Por extraño que parezca en hombre tan volcado hacia el siglo XXI, José María Aznar está recuperando los modos de la Grecia y la Roma clásicas: gracias a él, vuelve a tener vigencia el oficio de oráculo.
Más inescrutable aún que los dioses del Olimpo, el presidente se ha instalado en el silencio. A nadie revela sus planes. No dice nada o, si habla, dice nada: generalidades sin contenido. Si se le pregunta, responde con una risita. «¿Quién será el nuevo secretario general, presidente?», le interrogan. Y él, como la Madame de la canción de Llach, «riu, riu i res no diu».
Es un misterio.
A la vista de lo cual, los que lo rodean se ven forzados a ejercer de augures, arúspices y sibilas. No lo hacen al estilo de aquellos que fundaban sus vaticinios en la minuciosa observación del vuelo de los pájaros, las hojas de los robles, la alimentación de los pollos sagrados y las entrañas de las víctimas. Poco dada a los ritos paganos, la gente del entorno de Aznar recurre a la tradición de la turca Klaros, cuyos oráculos se especializaron en interpretar los silencios de la divinidad.
Lamentablemente, su tasa de acierto no es demasiado elevada. «Hasta tus silencios, presidente, dictan lecciones magistrales», le lisonjeó Álvarez Cascos en el XI Congreso del PP, presumiendo de vidente ante la concurrencia. «Yo soy el que mejor interpreta los silencios del presidente», fardaba Miguel Ángel Rodríguez. Pues ya ven ustedes el éxito que han tenido los dos con su clarividencia.
Entretanto, Aznar se lo pasa en grande. Está feliz. Ha comprobado que cuanto más hermético se muestra, más temor y reverencia suscita en los suyos. Y no seré yo quien se lo critique, si él disfruta tanto y los otros se lo admiten.
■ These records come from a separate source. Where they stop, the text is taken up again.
(* For every even integer $k\geq 4$, there exists a permutation graph $G$ with a matching $M$ in it such that the only alternating cycle with respect to $M$ in $G$ has length $k$.
   Context: Graphs are finite, simple, undirected. For a permutation $\pi$ of $\{1,\dots,n\}$, $G_\pi$ has vertex set $\{1,\dots,n\}$ and edges $ij$ with $(i-j)(\pi(i)-\pi(j))<0$; a permutation graph is a graph isomorphic to some $G_\pi$. A matching is a set of pairwise vertex-disjoint edges. Given a matching $M$, an alternating cycle with respect to $M$ is an even cycle of $G$ in which every second edge belongs to $M$. *)

theory Defs
  imports Main
begin

definition perm_graph_edges :: "nat \<Rightarrow> (nat \<Rightarrow> nat) \<Rightarrow> nat set set" where
  "perm_graph_edges n \<pi> =
     {{i, j} | i j. i \<in> {1..n} \<and> j \<in> {1..n} \<and>
        (int i - int j) * (int (\<pi> i) - int (\<pi> j)) < 0}"

definition is_matching :: "nat set set \<Rightarrow> nat set set \<Rightarrow> bool" where
  "is_matching E M \<longleftrightarrow> M \<subseteq> E \<and> (\<forall>e\<in>M. \<forall>f\<in>M. e \<noteq> f \<longrightarrow> e \<inter> f = {})"

definition cyc_edge :: "nat list \<Rightarrow> nat \<Rightarrow> nat set" where
  "cyc_edge vs i = {vs ! i, vs ! ((i + 1) mod length vs)}"

definition alt_cycle :: "nat set set \<Rightarrow> nat set set \<Rightarrow> nat set set \<Rightarrow> bool" where
  "alt_cycle E M C \<longleftrightarrow>
     (\<exists>vs. distinct vs \<and> length vs \<ge> 3 \<and> even (length vs) \<and>
        (\<forall>i < length vs. cyc_edge vs i \<in> E) \<and>
        (\<forall>i < length vs. cyc_edge vs i \<in> M \<longleftrightarrow> even i) \<and>
        C = cyc_edge vs ` {..<length vs})"

end

theory Submission
  imports Defs
begin

text \<open>
  Take \<open>n = k = 2m\<close>, let \<open>\<pi>\<close> send each odd \<open>2j+1\<close> to \<open>2j+4\<close> and each even \<open>2j+2\<close> to
  \<open>2j-1\<close>, except that \<open>2\<close> and \<open>2m-1\<close> are fixed, and let \<open>M\<close> pair \<open>2j+1\<close> with \<open>2j+2\<close>.
  Apart from \<open>M\<close>, every edge of \<open>G\<^sub>\<pi>\<close> joins an odd \<open>u\<close> to \<open>u+3\<close> or \<open>u+5\<close>, or is one of
  \<open>{2,4}\<close>, \<open>{2m-3,2m-1}\<close>.  In an alternating cycle every vertex has its \<open>M\<close>-partner and exactly
  one non-matching edge.  Walking down along non-matching edges shows that \<open>2\<close> lies on the cycle,
  and its non-matching edge can only be \<open>{2,4}\<close>.  Inductively, the non-matching edge at \<open>2j+1\<close>
  cannot end in \<open>2j+4\<close>, which already carries \<open>{2j-1,2j+4}\<close> (or \<open>{2,4}\<close>), so it is
  \<open>{2j+1,2j+6}\<close>; at the top \<open>{2m-3,2m-1}\<close> is forced.  These \<open>2m\<close> forced edges form an
  alternating cycle, and as an alternating cycle has no more edges than vertices (at most \<open>2m\<close>),
  every alternating cycle equals it.
\<close>

lemma Suc_mod_eq_if: "i < n \<Longrightarrow> Suc i mod n = (if Suc i = n then 0 else Suc i)"
  by (simp add: mod_Suc)

lemma Suc_mod_less: "i < n \<Longrightarrow> Suc i mod n < (n::nat)"
  by simp

lemma nth_mem_cyc_edge_iff:
  assumes "distinct vs" "i < length vs" "j < length vs"
  shows "vs ! j \<in> cyc_edge vs i \<longleftrightarrow> j = i \<or> j = Suc i mod length vs"
proof -
  have "Suc i mod length vs < length vs" using assms(2) by (rule Suc_mod_less)
  then show ?thesis using assms by (auto simp: cyc_edge_def nth_eq_iff_index_eq)
qed

lemma Union_cyc_edges: "\<Union> (cyc_edge vs ` {..<length vs}) = set vs"
proof
  show "\<Union> (cyc_edge vs ` {..<length vs}) \<subseteq> set vs"
    by (auto simp: cyc_edge_def Suc_mod_less)
  show "set vs \<subseteq> \<Union> (cyc_edge vs ` {..<length vs})"
    by (auto simp: cyc_edge_def in_set_conv_nth)
qed

lemma inj_on_cyc_edge:
  assumes "distinct vs" "length vs \<ge> 3"
  shows "inj_on (cyc_edge vs) {..<length vs}"
proof
  fix a b assume a: "a \<in> {..<length vs}" and b: "b \<in> {..<length vs}"
    and eq: "cyc_edge vs a = cyc_edge vs b"
  have "vs ! a \<in> cyc_edge vs b" "vs ! b \<in> cyc_edge vs a"
    using eq by (auto simp: cyc_edge_def)
  then have "a = b \<or> a = Suc b mod length vs \<and> b = Suc a mod length vs"
    using a b nth_mem_cyc_edge_iff[OF assms(1)] by auto
  then show "a = b"
    using a b assms(2) by (auto simp: Suc_mod_eq_if split: if_splits)
qed

lemma nth_mem_cyc_edge_parities:
  assumes "even (length vs)" "j < length vs"
  shows "\<exists>i<length vs. even i \<and> vs ! j \<in> cyc_edge vs i"
    and "\<exists>i<length vs. odd i \<and> vs ! j \<in> cyc_edge vs i"
proof -
  define p where "p = (if j = 0 then length vs - 1 else j - 1)"
  have p: "p < length vs" "Suc p mod length vs = j" "even p \<longleftrightarrow> odd j"
    using assms by (auto simp: p_def Suc_mod_eq_if)
  have "vs ! j \<in> cyc_edge vs j" "vs ! j \<in> cyc_edge vs p"
    using p by (auto simp: cyc_edge_def)
  then show "\<exists>i<length vs. even i \<and> vs ! j \<in> cyc_edge vs i"
    and "\<exists>i<length vs. odd i \<and> vs ! j \<in> cyc_edge vs i"
    using assms(2) p by (cases "even j"; blast)+
qed

lemma alt_cycle_subset: "alt_cycle E M C \<Longrightarrow> C \<subseteq> E"
  by (auto simp: alt_cycle_def)

lemma alt_cycle_finite: "alt_cycle E M C \<Longrightarrow> finite C"
  by (auto simp: alt_cycle_def)

lemma alt_cycle_Union_nonempty: "alt_cycle E M C \<Longrightarrow> \<Union>C \<noteq> {}"
  unfolding alt_cycle_def by (metis Union_cyc_edges length_0_conv not_numeral_le_zero set_empty)

lemma alt_cycle_card_le: "alt_cycle E M C \<Longrightarrow> card C \<le> card (\<Union>C)"
  unfolding alt_cycle_def
  by (metis Union_cyc_edges card_image_le card_lessThan distinct_card finite_lessThan)

lemma alt_cycle_vertex_edges:
  assumes "alt_cycle E M C" "v \<in> \<Union>C"
  shows "\<exists>e\<in>C. e \<in> M \<and> v \<in> e" and "\<exists>e\<in>C. e \<notin> M \<and> v \<in> e"
proof -
  obtain vs where vs: "even (length vs)" "\<forall>i < length vs. cyc_edge vs i \<in> M \<longleftrightarrow> even i"
    and C: "C = cyc_edge vs ` {..<length vs}"
    using assms(1) unfolding alt_cycle_def by blast
  obtain j where j: "j < length vs" "v = vs ! j"
    using assms(2) by (auto simp: C Union_cyc_edges in_set_conv_nth)
  show "\<exists>e\<in>C. e \<in> M \<and> v \<in> e" "\<exists>e\<in>C. e \<notin> M \<and> v \<in> e"
    using nth_mem_cyc_edge_parities[OF vs(1) j(1)] vs(2) j(2) by (auto simp: C)
qed

lemma alt_cycle_unmatched_edge_unique:
  assumes "alt_cycle E M C" "e \<in> C" "e' \<in> C" "e \<notin> M" "e' \<notin> M" "v \<in> e" "v \<in> e'"
  shows "e = e'"
proof -
  obtain vs where vs: "distinct vs" "even (length vs)"
      "\<forall>i < length vs. cyc_edge vs i \<in> M \<longleftrightarrow> even i"
    and C: "C = cyc_edge vs ` {..<length vs}"
    using assms(1) unfolding alt_cycle_def by blast
  obtain a b where ab: "a < length vs" "b < length vs" "e = cyc_edge vs a" "e' = cyc_edge vs b"
    using assms(2,3) C by blast
  have "odd a" "odd b" using ab assms(4,5) vs(3) by auto
  have "v \<in> set vs" using assms(2,6) Union_cyc_edges[of vs] C by blast
  then obtain j where j: "j < length vs" "v = vs ! j" by (auto simp: in_set_conv_nth)
  have "j = a \<or> j = Suc a mod length vs" "j = b \<or> j = Suc b mod length vs"
    using assms(6,7) ab j nth_mem_cyc_edge_iff[OF vs(1)] by auto
  then have "a = b"
    using ab(1,2) \<open>odd a\<close> \<open>odd b\<close> vs(2) by (auto simp: Suc_mod_eq_if split: if_splits)
  then show ?thesis using ab by simp
qed

lemma in_perm_graph_edges_iff:
  "{u, v} \<in> perm_graph_edges n \<pi> \<longleftrightarrow>
     u \<in> {1..n} \<and> v \<in> {1..n} \<and> (int u - int v) * (int (\<pi> u) - int (\<pi> v)) < 0"
proof
  assume "{u, v} \<in> perm_graph_edges n \<pi>"
  then obtain i j where "{u, v} = {i, j}" "i \<in> {1..n}" "j \<in> {1..n}"
      "(int i - int j) * (int (\<pi> i) - int (\<pi> j)) < 0"
    unfolding perm_graph_edges_def by blast
  then show "u \<in> {1..n} \<and> v \<in> {1..n} \<and> (int u - int v) * (int (\<pi> u) - int (\<pi> v)) < 0"
    by (auto simp: doubleton_eq_iff algebra_simps)
qed (auto simp: perm_graph_edges_def)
Me molesta, eso sí, como simple ciudadano, que una organización política en la que todo se sujeta al indiscutible arbitrio del Jefe, con una rigidez jerárquica que hubiera sido la envidia del difunto Kim Il-Sung, se proclame democrática, y nadie se lo discuta. No digamos ya nada si, para más inri, el Jefe se permite afirmar con toda la jeró que la aplicación universal de su santa voluntad es una muestra de renovación democrática.
Habrá quien se sorprenda por este discreto pero irresistible endiosamiento de Aznar. Alguna gente de izquierda, inclinada a confundir brillantez y valía, se empeñó desde el principio en tomarlo por un mindundi de quita y pon. Yo nunca me he fiado ni un pelo de los aparatchiki hábiles en el juego de pasillos. Y menos de los bajitos rencorosos. Si sabré de qué hablo: yo mismo soy uno.
Javier Ortiz. El Mundo (18 de noviembre de 1998). Subido a "Desde Jamaica" el 28 de mayo de 2013.